Re: The End of the String as We Know It

2007-04-12 09:25 • by mav (unregistered)
I'm ok with C strings.

Looks like our WTF today is using strlen instead of sizeof. A pretty common mistake...

Re: The End of the String as We Know It

2007-04-12 09:26 • by Mike5 (unregistered)
131608 in reply to 131606
bobday:
fennec:
C-strings are, in fact, a very good representation for string data in those situations where your program is not actually, you know, manipulating string data. They're great for printf() formatting messages, error messages, interface messages, and such, though.

Wicked

Jungle is massive

captcha: tacos - mmmmm....

Re: The End of the String as We Know It

2007-04-12 09:27 • by An apprentice (unregistered)
131609 in reply to 131598
Mohammed:
Strings suck. We should all use integers.

Wrong. We should use strings for everything. Integers are just a special case of strings after all.

Re: The End of the String as We Know It

2007-04-12 09:29 • by snoofle (unregistered)
131610 in reply to 131607

int i = 0;
switch (i) {
case 0: ...; break;
case 1: <error>; break;
case FILE_NOT_FOUND: ...
}

Re: The End of the String as We Know It

2007-04-12 09:32 • by lazybutregistereduser (unregistered)
131611 in reply to 131604
because printf doesn't need to manipulate anything...

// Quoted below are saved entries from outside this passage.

theorem proposition3p2:
  fixes H :: "real^'d^'n" and S :: "real^'n^'n" and y :: "real^'n"
    and v0 :: "'j::finite \<Rightarrow> real^'d"
  assumes "spd S"
    and "CARD('j) \<ge> 2"
  defines "\<Gamma> \<equiv> eki_cov H S y v0"
    and "n \<equiv> CARD('n)"
    and "h \<equiv> rank H"
    and "RanSH \<equiv> range (\<lambda>x. matrix_inv S *v (H *v x))"
    and "KerHT \<equiv> {w. transpose H *v w = 0}"
  shows
    "(\<forall>w \<delta>0. w \<noteq> 0 \<longrightarrow> (H ** \<Gamma> 0 ** transpose H) *v w = \<delta>0 *\<^sub>R (S *v w) \<longrightarrow>
        (\<exists>\<delta>::nat \<Rightarrow> real. \<delta> 0 = \<delta>0 \<and>
           (\<forall>i. (H ** \<Gamma> i ** transpose H) *v w = \<delta> i *\<^sub>R (S *v w)) \<and>
           (\<delta>0 = 0 \<longrightarrow> (\<forall>i\<ge>1. \<delta> i = 0)) \<and>
           (\<delta>0 > 0 \<longrightarrow> (\<forall>i\<ge>1. \<delta> i > 0))))
   \<and>
    (\<exists>(w :: nat \<Rightarrow> real^'n) (\<delta> :: nat \<Rightarrow> nat \<Rightarrow> real) r.
        inj_on w {..<n} \<and> independent (w ` {..<n}) \<and> span (w ` {..<n}) = UNIV
      \<and> (\<forall>k<n. \<forall>l<n. k \<noteq> l \<longrightarrow> w k \<bullet> (S *v w l) = 0)
      \<and> (\<forall>k<n. \<forall>i. (H ** \<Gamma> i ** transpose H) *v w k = \<delta> k i *\<^sub>R (S *v w k))
      \<and> r = card {k. k < n \<and> \<delta> k 0 > 0}
      \<and> r \<le> h
      \<and> (\<forall>k<r. w k \<in> RanSH \<and> (\<forall>i. \<delta> k i > 0))
      \<and> (\<forall>i\<ge>1. \<forall>k l. k \<le> l \<and> l < r \<longrightarrow> \<delta> l i \<le> \<delta> k i)
      \<and> (\<forall>k. r \<le> k \<and> k < h \<longrightarrow> w k \<in> RanSH \<and> (\<forall>i. \<delta> k i = 0))
      \<and> (\<forall>k. h \<le> k \<and> k < n \<longrightarrow> w k \<in> KerHT \<and> (\<forall>i. \<delta> k i = 0))
      \<and> span (w ` {..<h}) = RanSH
      \<and> span (w ` {h..<n}) = KerHT)"
proof (rule conjI, goal_cases persistence basis)
  \<comment> \<open>The hypothesis \<open>CARD('j) \<ge> 2\<close> is not needed: for \<open>J = 1\<close> the factor \<open>1 / (J - 1)\<close> in
    \<open>emp_cov\<close> is the junk value \<open>1 / 0 = 0\<close>, and \<open>psd_emp_cov\<close> holds for every \<open>J\<close>.\<close>
  case persistence
  show ?case
    unfolding \<Gamma>_def by (intro allI impI eki_gen_eigenvalue_persistence[OF assms(1)])
next
  case basis
  obtain w e r where basis: "inj_on w {..<n}" "independent (w ` {..<n})" "span (w ` {..<n}) = UNIV"
    and orth: "\<And>k l. k < n \<Longrightarrow> l < n \<Longrightarrow> k \<noteq> l \<Longrightarrow> w k \<bullet> (S *v w l) = 0"
    and evol: "\<And>k i. k < n \<Longrightarrow>
      (H ** \<Gamma> i ** transpose H) *v w k = (eki_eig_map ^^ i) (e k) *\<^sub>R (S *v w k)"
    and nonneg: "\<And>k. k < n \<Longrightarrow> 0 \<le> e k" and "r \<le> h" and r: "{k. k < n \<and> 0 < e k} = {..<r}"
    and sorted: "\<And>k l. k \<le> l \<Longrightarrow> l < r \<Longrightarrow> eki_eig_map (e l) \<le> eki_eig_map (e k)"
    and spans: "h \<le> n" "span (w ` {..<h}) = RanSH" "span (w ` {h..<n}) = KerHT"
    by (rule eki_ordered_gen_eigenbasis[OF assms(1), of H y v0, folded \<Gamma>_def n_def h_def RanSH_def
        KerHT_def]) (rule that)
  define \<delta> where "\<delta> k i = (eki_eig_map ^^ i) (e k)" for k i
  have "r \<le> n"
    using \<open>r \<le> h\<close> spans(1) by simp
  note \<delta> = funpow_eki_eig_map_initial_segment[OF nonneg r this, folded \<delta>_def]
  have Ran: "w k \<in> RanSH" if "k < h" for k
    using that spans(2) span_base[of "w k" "w ` {..<h}"] by simp
  have Ker: "w k \<in> KerHT" if "h \<le> k" "k < n" for k
    using that spans(3) span_base[of "w k" "w ` {h..<n}"] by simp
  show ?case
  proof (intro exI[of _ w] exI[of _ \<delta>] exI[of _ r] conjI allI impI)
    show "r = card {k. k < n \<and> 0 < \<delta> k 0}"
      using r by (simp add: \<delta>_def)
  next
    fix i k l :: nat
    assume "1 \<le> i" "k \<le> l \<and> l < r"
    then show "\<delta> l i \<le> \<delta> k i"
      unfolding \<delta>_def using sorted nonneg \<open>r \<le> n\<close> by (intro funpow_eki_eig_map_order) auto
  qed (use basis orth evol spans Ran Ker \<delta> \<open>r \<le> h\<close> in \<open>auto simp: \<delta>_def\<close>)
qed

end
(* Assume $z_1,z_2\in D$ are in the same chart. If $f$ satisfies the rate conditions of order $0$ and $z_1\in J_{cu}(z_2,L)$, then $\|\pi_{(\lambda,x)}(f(z_1)-f(z_2))\|\ge\xi_{cu,1,P}\|\pi_{(\lambda,x)}(z_1-z_2)\|$.
   Context: $c,u,s$ positive integers, $\Lambda=(\mathbb{R}/\mathbb{Z})^c$, $R_\Lambda=\tfrac12$; points are "in the same chart" if their $\lambda$-components have lifts to $\mathbb{R}^c$ at distance $\le R_\Lambda$; differences, norms, cones and derivatives are computed in such lifts. $\overline B_n(R)$ closed ball at $0$; Euclidean norms. $0<R<R_\Lambda/2$, $D=\Lambda\times\overline B_u(R)\times\overline B_s(R)$, $z=(\lambda,x,y)$, projections $\pi_\lambda,\pi_x,\pi_y,\pi_{(\lambda,x)}$; $f:D\to\Lambda\times\mathbb{R}^u\times\mathbb{R}^s$ is $C^1$, $f=(f_\lambda,f_x,f_y)$. $m(A)=\max\{c:\|Av\|\ge c\|v\|\}$, $m(\mathbf A)=\inf_{A\in\mathbf A}m(A)$; $[\partial g/\partial w(U)]$ = set of matrices with $(i,j)$ entry in $[\inf_U\partial g_i/\partial w_j,\sup_U\partial g_i/\partial w_j]$; $P(z)=\{w\in D:\|\pi_\lambda w-\pi_\lambda z\|\le R_\Lambda/2\}$. Fix $L\in(2R/R_\Lambda,1)$. $\mu_{s,1}=\sup_D\{\|\partial_yf_y\|+\frac1L\|\partial_{(\lambda,x)}f_y\|\}$, $\xi_{u,1,P}=\inf_{z\in D}m[\partial_xf_x(P(z))]-\frac1L\sup_D\|\partial_{(\lambda,y)}f_x\|$, $\mu_{cs,1}=\sup_D\{\|\partial_{(\lambda,y)}f_{(\lambda,y)}\|+L\|\partial_xf_{(\lambda,y)}\|\}$, $\xi_{cu,1,P}=\inf_{z\in D}m[\partial_{(\lambda,x)}f_{(\lambda,x)}(P(z))]-L\sup_D\|\partial_yf_{(\lambda,x)}\|$. Rate conditions of order $0$: $\mu_{s,1}<1<\xi_{u,1,P}$, $\mu_{cs,1}<\xi_{u,1,P}$, $\mu_{s,1}<\xi_{cu,1,P}$. $J_{cu}(z,M)=\{(\lambda,x,y):\|y-\pi_yz\|<M\|(\lambda,x)-\pi_{(\lambda,x)}z\|\}\cup\{z\}$. *)

theory Defs
  imports "HOL-Analysis.Analysis"
begin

if memcpy() is involved (even hidden away in a standard library function like printf()), nul-terminated strings are not the best option. ie: not the best option, even if standards make them the only option.

but think about the alternative:
VCHAR8, VCHAR16, VCHAR32, VCHAR64, VCHAR128? "How much space do you really need. Choose now!"

And then you might want an extra byte at the beginning to tell you how many lead bytes you're using.

Re: The End of the String as We Know It

2007-04-12 09:36 • by fist-poster
131612 in reply to 131607
mav:
I'm ok with C strings.

Looks like our WTF today is using strlen instead of sizeof. A pretty common mistake...


That's right!

The fun is kind of ruined by the explanation of the WTF :(

Re: The End of the String as We Know It

2007-04-12 09:53 • by joe mama (unregistered)
Strings suck we should all use yarn.

Re: The End of the String as We Know It

2007-04-12 09:58 • by DONK (unregistered)
If only there were some way to represent lengths of strings before interrogating the string (char array) itself.

I'm thinking something that could possibly hold different variables with a structure. I'll call it struct, for short.

You could call on a variable like "string_length" within this struct.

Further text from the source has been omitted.